When you have a character that acquires enough shards to increase a cover but is not yet champed, it is usually preferable to save this extra cover until you can decide exactly which color is needed later. However, sometimes one or more shard-covers can be used early without changing the probability to champ the character without wasting a cover.
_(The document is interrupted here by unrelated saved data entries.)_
text \<open>E(t) is the spectral resolution of multiplication by diag(-exp(-q|k|)/2, exp(-q|k|)/2):
  up to endpoints, it multiplies the two components by the indicators of the sets where these
  functions are at most t, namely the sets band1 q t and band2 q t below. The algebraic
  properties are therefore those of multiplication by indicators of sets increasing in t, and
  strong continuity at s is dominated convergence, since for k outside the null set
  {-band_radius q s, band_radius q s} these indicators are constant for t near s.\<close>

lemma S1_nonneg: "0 \<le> q \<Longrightarrow> 0 \<le> S1 q k"
  by (auto simp: S1_def intro!: divide_nonneg_nonneg)

lemma S2_nonneg: "0 \<le> S2 q k"
  by (auto simp: S2_def intro!: divide_nonneg_nonneg add_nonneg_nonneg)

lemma S1_measurable [measurable]: "S1 q \<in> borel_measurable borel"
  unfolding S1_def by measurable

lemma S2_measurable [measurable]: "S2 q \<in> borel_measurable borel"
  unfolding S2_def by measurable

definition kdensity :: "real \<Rightarrow> kpair \<Rightarrow> real \<Rightarrow> real" where
  "kdensity q \<phi> k = S1 q k * (cmod (fst \<phi> k))\<^sup>2 + S2 q k * (cmod (snd \<phi> k))\<^sup>2"

lemma inK_iff_integrable_kdensity:
  "inK q \<phi> \<longleftrightarrow> fst \<phi> \<in> borel_measurable borel \<and> snd \<phi> \<in> borel_measurable borel \<and>
     integrable lborel (kdensity q \<phi>)"
  by (simp add: inK_def kdensity_def[abs_def])

lemma kdensity_nonneg: "0 \<le> q \<Longrightarrow> 0 \<le> kdensity q \<phi> k"
  by (simp add: kdensity_def S1_nonneg S2_nonneg)

lemma kdensity_measurable [measurable]:
  assumes "fst \<phi> \<in> borel_measurable borel" "snd \<phi> \<in> borel_measurable borel"
  shows "kdensity q \<phi> \<in> borel_measurable borel"
  unfolding kdensity_def[abs_def] using assms by measurable

lemma Re_kinner_self: "Re (kinner q \<phi> \<phi>) = (LINT k|lborel. kdensity q \<phi> k)"
proof -
  have "kinner q \<phi> \<phi> = (LINT k|lborel. complex_of_real (kdensity q \<phi> k))"
    unfolding kinner_def kdensity_def
    by (intro Bochner_Integration.integral_cong refl)
       (simp add: mult.assoc complex_norm_square[symmetric])
  then show ?thesis by simp
qed
definition free_chart :: "nat \<Rightarrow> 'a topology \<Rightarrow> ((nat \<Rightarrow> complex) \<Rightarrow> 'a \<Rightarrow> 'a) \<Rightarrow> 'a \<Rightarrow> bool" where
  "free_chart m X act x \<longleftrightarrow>
     (\<exists>U \<Omega> h \<phi>. openin X U \<and> x \<in> U \<and> (\<forall>t\<in>torus m. \<forall>y\<in>U. act t y \<in> U) \<and>
        open \<Omega> \<and> 0 \<notin> \<Omega> \<and> (\<forall>c z. cmod c = 1 \<longrightarrow> z \<in> \<Omega> \<longrightarrow> c * z \<in> \<Omega>) \<and>
        torus_aut m \<phi> \<and>
        homeomorphic_map (subtopology X U) (subtopology cfun_top (free_model m \<Omega>)) h \<and>
        (\<forall>t\<in>torus m. \<forall>y\<in>U. h (act t y) = tmult (\<phi> t) (h y)))"

definition vertex_chart :: "nat \<Rightarrow> 'a topology \<Rightarrow> ((nat \<Rightarrow> complex) \<Rightarrow> 'a \<Rightarrow> 'a) \<Rightarrow> 'a \<Rightarrow> bool" where
  "vertex_chart m X act x \<longleftrightarrow>
     (\<exists>U k h \<phi>. openin X U \<and> x \<in> U \<and> (\<forall>t\<in>torus m. \<forall>y\<in>U. act t y \<in> U) \<and>
        torus_aut m \<phi> \<and>
        homeomorphic_map (subtopology X U)
          (subtopology (prod_topology cfun_top cfun_top) (vertex_model m k)) h \<and>
        (\<forall>t\<in>torus m. \<forall>y\<in>U. h (act t y) = vertex_act (\<phi> t) (h y)) \<and>
        snd (h x) = (\<lambda>_. 0))"

definition loc_std_over_graph :: "nat \<Rightarrow> 'a topology \<Rightarrow> ((nat \<Rightarrow> complex) \<Rightarrow> 'a \<Rightarrow> 'a) \<Rightarrow> bool" where
  "loc_std_over_graph m X act \<longleftrightarrow>
     1 \<le> m \<and> compact_space X \<and> Hausdorff_space X \<and> second_countable X \<and>
     continuous_map (prod_topology (torus_top m) X) X (\<lambda>(t, x). act t x) \<and>
     (\<forall>x\<in>topspace X. act tone x = x) \<and>
     (\<forall>s\<in>torus m. \<forall>t\<in>torus m. \<forall>x\<in>topspace X. act (tmult s t) x = act s (act t x)) \<and>
     (\<forall>t\<in>torus m. (\<forall>x\<in>topspace X. act t x = x) \<longrightarrow> t = tone) \<and>
     (\<exists>x\<in>topspace X. isotropy m act x = {tone}) \<and>
     (\<forall>x\<in>topspace X. free_chart m X act x \<or> vertex_chart m X act x)"

end

theory Submission
  imports Defs
begin

text \<open>Over every point of the orbit space there is a local section: in a chart the orbit map
  becomes the quotient of a model by a torus acting coordinatewise, and making the relevant
  coordinate a nonnegative real picks one point of each orbit continuously. Gluing such sections
  along a Lebesgue subdivision, with torus translations to match endpoints, lifts the loop that
  runs once around the circle to a path \<sigma> in X with \<sigma>(1) = h \<sigma>(0). As the torus is path
  connected, translating \<sigma> by a path from 1 to h\<inverse> closes the lift up, and a closed lift of
  that loop is a section over the circle.\<close>

lemma topspace_torus_top [simp]: "topspace (torus_top m) = torus m"
  by (simp add: torus_top_def cfun_top_def)

lemma topspace_cfun_top [simp]: "topspace cfun_top = UNIV"
  by (simp add: cfun_top_def)

lemma tone_in_torus [simp]: "tone \<in> torus m"
  by (simp add: torus_def tone_def)

lemma torus_nonzero:
  assumes "t \<in> torus m"
  shows "t i \<noteq> 0"
proof (cases "i < m")
  case True
  with assms have "cmod (t i) = 1"
    by (simp add: torus_def)
  then show ?thesis
    by auto
next
  case False
  with assms show ?thesis
    by (simp add: torus_def)
qed

lemma torus_inverse:
  assumes "t \<in> torus m"
  shows "(\<lambda>i. inverse (t i)) \<in> torus m" and "tmult (\<lambda>i. inverse (t i)) t = tone"
proof -
  show "(\<lambda>i. inverse (t i)) \<in> torus m"
    using assms by (simp add: torus_def norm_inverse)
  show "tmult (\<lambda>i. inverse (t i)) t = tone"
    using torus_nonzero[OF assms] by (simp add: tmult_def tone_def)
qed

lemma torus_aut_image:
  assumes "torus_aut m \<phi>"
  shows "\<phi> ` torus m = torus m"
  using assms homeomorphic_imp_surjective_map[of "torus_top m" "torus_top m" \<phi>]
  by (simp add: torus_aut_def)

lemma continuous_map_cfun_top_iff:
  "continuous_map Y cfun_top f \<longleftrightarrow> (\<forall>i. continuous_map Y euclidean (\<lambda>y. f y i))"
  by (simp add: cfun_top_def continuous_map_componentwise_UNIV)

lemma torus_path_from_tone:
  assumes "t \<in> torus m"
  obtains \<gamma> where "continuous_map (top_of_set {0..1::real}) (torus_top m) \<gamma>"
    "\<gamma> 0 = tone" "\<gamma> 1 = t"
proof -
  define \<gamma> where "\<gamma> = (\<lambda>r::real. \<lambda>i. if i < m then cis (r * Arg (t i)) else 1)"
  have "continuous_map (top_of_set {0..1}) cfun_top \<gamma>"
    unfolding continuous_map_cfun_top_iff
  proof
    fix i
    show "continuous_map (top_of_set {0..1}) euclidean (\<lambda>r. \<gamma> r i)"
      by (cases "i < m")
        (simp_all add: \<gamma>_def continuous_on_cis continuous_on_mult continuous_on_const continuous_on_id)
  qed
  then have "continuous_map (top_of_set {0..1}) (torus_top m) \<gamma>"
    unfolding torus_top_def by (rule continuous_map_into_subtopology) (simp add: \<gamma>_def torus_def)
  moreover have "\<gamma> 0 = tone"
    by (simp add: \<gamma>_def tone_def fun_eq_iff)
  moreover have "\<gamma> 1 = t"
  proof
    fix i
    show "\<gamma> 1 i = t i"
    proof (cases "i < m")
      case True
      then have "cmod (t i) = 1"
        using assms by (simp add: torus_def)
      then have "sgn (t i) = t i"
        by (simp add: sgn_eq)
      then have "cis (Arg (t i)) = t i"
        using Arg_correct[OF torus_nonzero[OF assms]] by metis
      with True show ?thesis
        by (simp add: \<gamma>_def)
    next
      case False
      then show ?thesis
        using assms by (simp add: \<gamma>_def torus_def)
    qed
  qed
  ultimately show ?thesis
    by (rule that)
qed

lemma continuous_map_glue_intervals:
  fixes f g :: "real \<Rightarrow> 'a"
  assumes f: "continuous_map (top_of_set {c..a}) X f"
    and g: "continuous_map (top_of_set {a..b}) X g"
    and "f a = g a" "c \<le> a" "a \<le> b"
  shows "continuous_map (top_of_set {c..b}) X (\<lambda>t. if t \<le> a then f t else g t)"
proof -
  have "continuous_map (top_of_set {c..b}) X (\<lambda>t. if id t \<le> (\<lambda>_. a) t then f t else g t)"
  proof (rule continuous_map_cases_le)
    have "subtopology (top_of_set {c..b}) {t \<in> topspace (top_of_set {c..b}). id t \<le> a} =
        top_of_set {c..a}"
      using assms(4,5) by (simp add: subtopology_subtopology) (rule arg_cong[where f = top_of_set], auto)
    with f show "continuous_map (subtopology (top_of_set {c..b})
        {t \<in> topspace (top_of_set {c..b}). id t \<le> a}) X f"
      by simp
    have "subtopology (top_of_set {c..b}) {t \<in> topspace (top_of_set {c..b}). a \<le> id t} =
        top_of_set {a..b}"
      using assms(4,5) by (simp add: subtopology_subtopology) (rule arg_cong[where f = top_of_set], auto)
    with g show "continuous_map (subtopology (top_of_set {c..b})
        {t \<in> topspace (top_of_set {c..b}). a \<le> id t}) X g"
      by simp
  qed (use assms(3) in auto)
  then show ?thesis
    by simp
qed

lemma interval_subdivision_subordinate:
  assumes p: "continuous_map (top_of_set {0..1::real}) Q p"
    and cover: "\<And>t. t \<in> {0..1} \<Longrightarrow> \<exists>V\<in>\<V>. openin Q V \<and> p t \<in> V"
  obtains N :: nat
  where "0 < N" "\<And>k. k < N \<Longrightarrow> \<exists>V\<in>\<V>. p ` {real k / N..real (Suc k) / N} \<subseteq> V"
proof -
  define \<C> where "\<C> = {W. open W \<and> (\<exists>V\<in>\<V>. \<forall>r\<in>{0..1} \<inter> W. p r \<in> V)}"
  have \<C>_covers: "\<exists>W\<in>\<C>. t \<in> W" if t: "t \<in> {0..1}" for t
  proof -
    obtain V where V: "V \<in> \<V>" "openin Q V" "p t \<in> V"
      using cover[OF t] by blast
    have "openin (top_of_set {0..1}) {r \<in> {0..1}. p r \<in> V}"
      using openin_continuous_map_preimage[OF p V(2)] by simp
    then obtain W where W: "open W" "{r \<in> {0..1}. p r \<in> V} = {0..1} \<inter> W"
      unfolding openin_open by auto
    then have "W \<in> \<C>"
      unfolding \<C>_def using V(1) by blast
    moreover have "t \<in> W"
      using W(2) t V(3) by blast
    ultimately show ?thesis
      by blast
  qed
  then have "{0..1} \<subseteq> \<Union>\<C>"
    by blast
  moreover have "\<C> \<noteq> {}"
    using \<C>_covers[of 0] by auto
  moreover have "\<And>W. W \<in> \<C> \<Longrightarrow> open W"
    unfolding \<C>_def by blast
  ultimately obtain \<delta> where \<delta>: "0 < \<delta>"
    and small: "\<And>T. T \<subseteq> {0..1} \<Longrightarrow> diameter T < \<delta> \<Longrightarrow> \<exists>W\<in>\<C>. T \<subseteq> W"
    using Lebesgue_number_lemma[OF compact_Icc] by metis
  obtain N :: nat where N: "0 < N" "inverse (real N) < \<delta>"
    using real_arch_inverse \<delta> by blast
  show thesis
  proof (rule that[OF N(1)])
    fix k
    assume "k < N"
    then have sub: "{real k / N..real (Suc k) / N} \<subseteq> {0..1}"
      using N(1) by (auto simp: divide_le_eq_1)
    have "diameter {real k / N..real (Suc k) / N} = inverse (real N)"
      using N(1) by (simp add: diff_divide_distrib[symmetric] divide_right_mono field_simps)
    then obtain W where "W \<in> \<C>" "{real k / N..real (Suc k) / N} \<subseteq> W"
      using small[OF sub] N(2) by auto
    then show "\<exists>V\<in>\<V>. p ` {real k / N..real (Suc k) / N} \<subseteq> V"
      unfolding \<C>_def using sub by blast
  qed
qed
For example, if the covers are distributed 4/4/3 and youavailable, you can immediately make the character 4/4/4 as any next cover will make him champable.  

  

I like your effort in the calculations, however the next cover is NOT always random. Most shards come from a feeder 3*. And that feeder will also give a specific cover at 3 champion levels. So sometimes you already know what color the next cover will be. Just also take a look at your bonus shard hero feeder progression.

MadScientist

In all the combinations listed above, there is *no* possible combination of covers you could get that would allow you to champ the character if you would have saved the shard-cover. However, knowing exactly what covers you are going to get allows you to use the shard-cover even in situations not listed above.

To illustrate the first point, let's take some examples from above:

Going from 532+2 to 543+0. There are three possible covers you could get:

1. One of the first color. In both situations you cannot use the covers and have to save it.
2. One of the second color. In the first situation, this puts the character at 542+2 and can be champed. In the second situation, this puts the character at 553+0 and can be champed.
3. One of the third color. In the first situation, this puts the character at 533+2 and can be champed. In the second situation, this puts the character at 544+0 and can be champed.

Going from 331+3 to 332+2. You would need three more usable covers to champ the character. There are only two possibilities where you could not champ the character:

1. Getting three covers of the first color. In the first situation, this puts the character at 531+3 with one saved cover. In the second situation, this puts the character at 532+2 with one saved cover. In both situations, you now need one cover of the second or third cover to champ the character.
2. Getting three covers of the second cover. This is equivalent to 1.